(Collected data)
lemma aut_sum:
  assumes s: "is_S1_aut \<sigma>" and A: "finite A" "\<forall>s\<in>A. f s \<in> S1"
  shows "\<sigma> (\<lambda>p. \<Sum>s\<in>A. f s p) = (\<lambda>p. \<Sum>s\<in>A. \<sigma> (f s) p)"
  using A
proof (induction A rule: finite_induct)
  case empty then show ?case using aut_zero[OF s] by simp
next
  case (insert x A)
  have "\<sigma> (\<lambda>p. f x p + (\<Sum>s\<in>A. f s p)) = (\<lambda>p. \<sigma> (f x) p + \<sigma> (\<lambda>p. \<Sum>s\<in>A. f s p) p)"
    using insert by (intro aut_add[OF s] S1_sum) auto
  then show ?case using insert by simp
qed

lemma aut_pow: "is_S1_aut \<sigma> \<Longrightarrow> f \<in> S1 \<Longrightarrow> \<sigma> (f ^^ n) = (\<sigma> f) ^^ n"
  by (induction n) (simp_all add: aut_id aut_comp S1_pow fun_eq_iff)

lemma aut_xy:
  assumes s: "is_S1_aut \<sigma>" shows "\<sigma> (xy i j) = (\<sigma> opX ^^ i) \<circ> (\<sigma> opY ^^ j)"
proof -
  have "\<sigma> (xy i j) = \<sigma> (opX ^^ i) \<circ> \<sigma> (opY ^^ j)"
    unfolding xy_def by (rule aut_comp[OF s S1_pow[OF S1_X] S1_pow[OF S1_Y]])
  then show ?thesis by (simp only: aut_pow[OF s S1_X] aut_pow[OF s S1_Y])
qed

text \<open>Units of K[x,x^-1] are monomials: the top and bottom coefficients of a product of Laurent
  polynomials are the products of the top (resp. bottom) coefficients.\<close>

lemma laurent_deg_top:
  fixes U :: "'k::zero fls"
  assumes fin: "finite {n. fls_nth U n \<noteq> 0}" and U: "U \<noteq> 0"
  shows "fls_nth U (laurent_deg U) \<noteq> 0" and "fls_nth U n \<noteq> 0 \<Longrightarrow> n \<le> laurent_deg U"
proof -
  have "{n. fls_nth U n \<noteq> 0} \<noteq> {}" using U fls_nonzero_nth by blast
  then show "fls_nth U (laurent_deg U) \<noteq> 0"
    using Max_in[OF fin] unfolding laurent_deg_def by blast
  show "fls_nth U n \<noteq> 0 \<Longrightarrow> n \<le> laurent_deg U"
    using Max_ge[OF fin] unfolding laurent_deg_def by blast
qed

lemma laurent_top_coeff_mult:
  fixes U V :: "'k::field fls"
  assumes fU: "finite {n. fls_nth U n \<noteq> 0}" and fV: "finite {n. fls_nth V n \<noteq> 0}"
    and U: "U \<noteq> 0" and V: "V \<noteq> 0"
  defines "dU \<equiv> laurent_deg U" and "dV \<equiv> laurent_deg V"
  shows "fls_nth (U * V) (dU + dV) = fls_nth U dU * fls_nth V dV"
proof -
  note topU = laurent_deg_top[OF fU U, folded dU_def]
    and topV = laurent_deg_top[OF fV V, folded dV_def]
  have sub: "fls_subdegree U \<le> dU" "fls_subdegree V \<le> dV"
    using fls_subdegree_leI topU(1) topV(1) by blast+
  let ?I = "{fls_subdegree U..dU + dV - fls_subdegree V}"
  have other_terms: "fls_nth U i * fls_nth V (dU + dV - i) = 0" if "i \<noteq> dU" for i
  proof (cases "i < dU")
    case True
    then have "fls_nth V (dU + dV - i) = 0" using topV(2)[of "dU + dV - i"] by linarith
    then show ?thesis by simp
  next
    case False
    then have "fls_nth U i = 0" using topU(2)[of i] that by linarith
    then show ?thesis by simp
  qed
  have "fls_nth (U * V) (dU + dV) = (\<Sum>i\<in>?I. fls_nth U i * fls_nth V (dU + dV - i))"
    by (rule fls_times_nth(2))
  also have "\<dots> = fls_nth U dU * fls_nth V (dU + dV - dU)
      + (\<Sum>i\<in>?I - {dU}. fls_nth U i * fls_nth V (dU + dV - i))"
    using sub by (intro sum.remove) auto
  also have "(\<Sum>i\<in>?I - {dU}. fls_nth U i * fls_nth V (dU + dV - i)) = 0"
    using other_terms by (intro sum.neutral) blast
  finally show ?thesis by simp
qed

Problem to solve – All entries must be printed exactly, with nothing omitted.

Solution –
lemma aut_sum:
  assumes s: "is_S1_aut \<sigma>" and A: "finite A" "\<forall>s\<in>A. f s \<in> S1"
  shows "\<sigma> (\<lambda>p. \<Sum>s\<in>A. f s p) = (\<lambda>p. \<Sum>s\<in>A. \<sigma> (f s) p)"
  using A
proof (induction A rule: finite_induct)
  case empty then show ?case using aut_zero[OF s] by simp
next
  case (insert x A)
  have "\<sigma> (\<lambda>p. f x p + (\<Sum>s\<in>A. f s p)) = (\<lambda>p. \<sigma> (f x) p + \<sigma> (\<lambda>p. \<Sum>s\<in>A. f s p) p)"
    using insert by (intro aut_add[OF s] S1_sum) auto
  then show ?case using insert by simp
qed

lemma aut_pow: "is_S1_aut \<sigma> \<Longrightarrow> f \<in> S1 \<Longrightarrow> \<sigma> (f ^^ n) = (\<sigma> f) ^^ n"
  by (induction n) (simp_all add: aut_id aut_comp S1_pow fun_eq_iff)

lemma aut_xy:
  assumes s: "is_S1_aut \<sigma>" shows "\<sigma> (xy i j) = (\<sigma> opX ^^ i) \<circ> (\<sigma> opY ^^ j)"
proof -
  have "\<sigma> (xy i j) = \<sigma> (opX ^^ i) \<circ> \<sigma> (opY ^^ j)"
    unfolding xy_def by (rule aut_comp[OF s S1_pow[OF S1_X] S1_pow[OF S1_Y]])
  then show ?thesis by (simp only: aut_pow[OF s S1_X] aut_pow[OF s S1_Y])
qed

text \<open>Units of K[x,x^-1] are monomials: the top and bottom coefficients of a product of Laurent
  polynomials are the products of the top (resp. bottom) coefficients.\<close>

lemma laurent_deg_top:
  fixes U :: "'k::zero fls"
  assumes fin: "finite {n. fls_nth U n \<noteq> 0}" and U: "U \<noteq> 0"
  shows "fls_nth U (laurent_deg U) \<noteq> 0" and "fls_nth U n \<noteq> 0 \<Longrightarrow> n \<le> laurent_deg U"
proof -
  have "{n. fls_nth U n \<noteq> 0} \<noteq> {}" using U fls_nonzero_nth by blast
  then show "fls_nth U (laurent_deg U) \<noteq> 0"
    using Max_in[OF fin] unfolding laurent_deg_def by blast
  show "fls_nth U n \<noteq> 0 \<Longrightarrow> n \<le> laurent_deg U"
    using Max_ge[OF fin] unfolding laurent_deg_def by blast
qed

lemma laurent_top_coeff_mult:
  fixes U V :: "'k::field fls"
  assumes fU: "finite {n. fls_nth U n \<noteq> 0}" and fV: "finite {n. fls_nth V n \<noteq> 0}"
    and U: "U \<noteq> 0" and V: "V \<noteq> 0"
  defines "dU \<equiv> laurent_deg U" and "dV \<equiv> laurent_deg V"
  shows "fls_nth (U * V) (dU + dV) = fls_nth U dU * fls_nth V dV"
proof -
  note topU = laurent_deg_top[OF fU U, folded dU_def]
    and topV = laurent_deg_top[OF fV V, folded dV_def]
  have sub: "fls_subdegree U \<le> dU" "fls_subdegree V \<le> dV"
    using fls_subdegree_leI topU(1) topV(1) by blast+
  let ?I = "{fls_subdegree U..dU + dV - fls_subdegree V}"
  have other_terms: "fls_nth U i * fls_nth V (dU + dV - i) = 0" if "i \<noteq> dU" for i
  proof (cases "i < dU")
    case True
    then have "fls_nth V (dU + dV - i) = 0" using topV(2)[of "dU + dV - i"] by linarith
    then show ?thesis by simp
  next
    case False
    then have "fls_nth U i = 0" using topU(2)[of i] that by linarith
    then show ?thesis by simp
  qed
  have "fls_nth (U * V) (dU + dV) = (\<Sum>i\<in>?I. fls_nth U i * fls_nth V (dU + dV - i))"
    by (rule fls_times_nth(2))
  also have "\<dots> = fls_nth U dU * fls_nth V (dU + dV - dU)
      + (\<Sum>i\<in>?I - {dU}. fls_nth U i * fls_nth V (dU + dV - i))"
    using sub by (intro sum.remove) auto
  also have "(\<Sum>i\<in>?I - {dU}. fls_nth U i * fls_nth V (dU + dV - i)) = 0"
    using other_terms by (intro sum.neutral) blast
  finally show ?thesis by simp
qed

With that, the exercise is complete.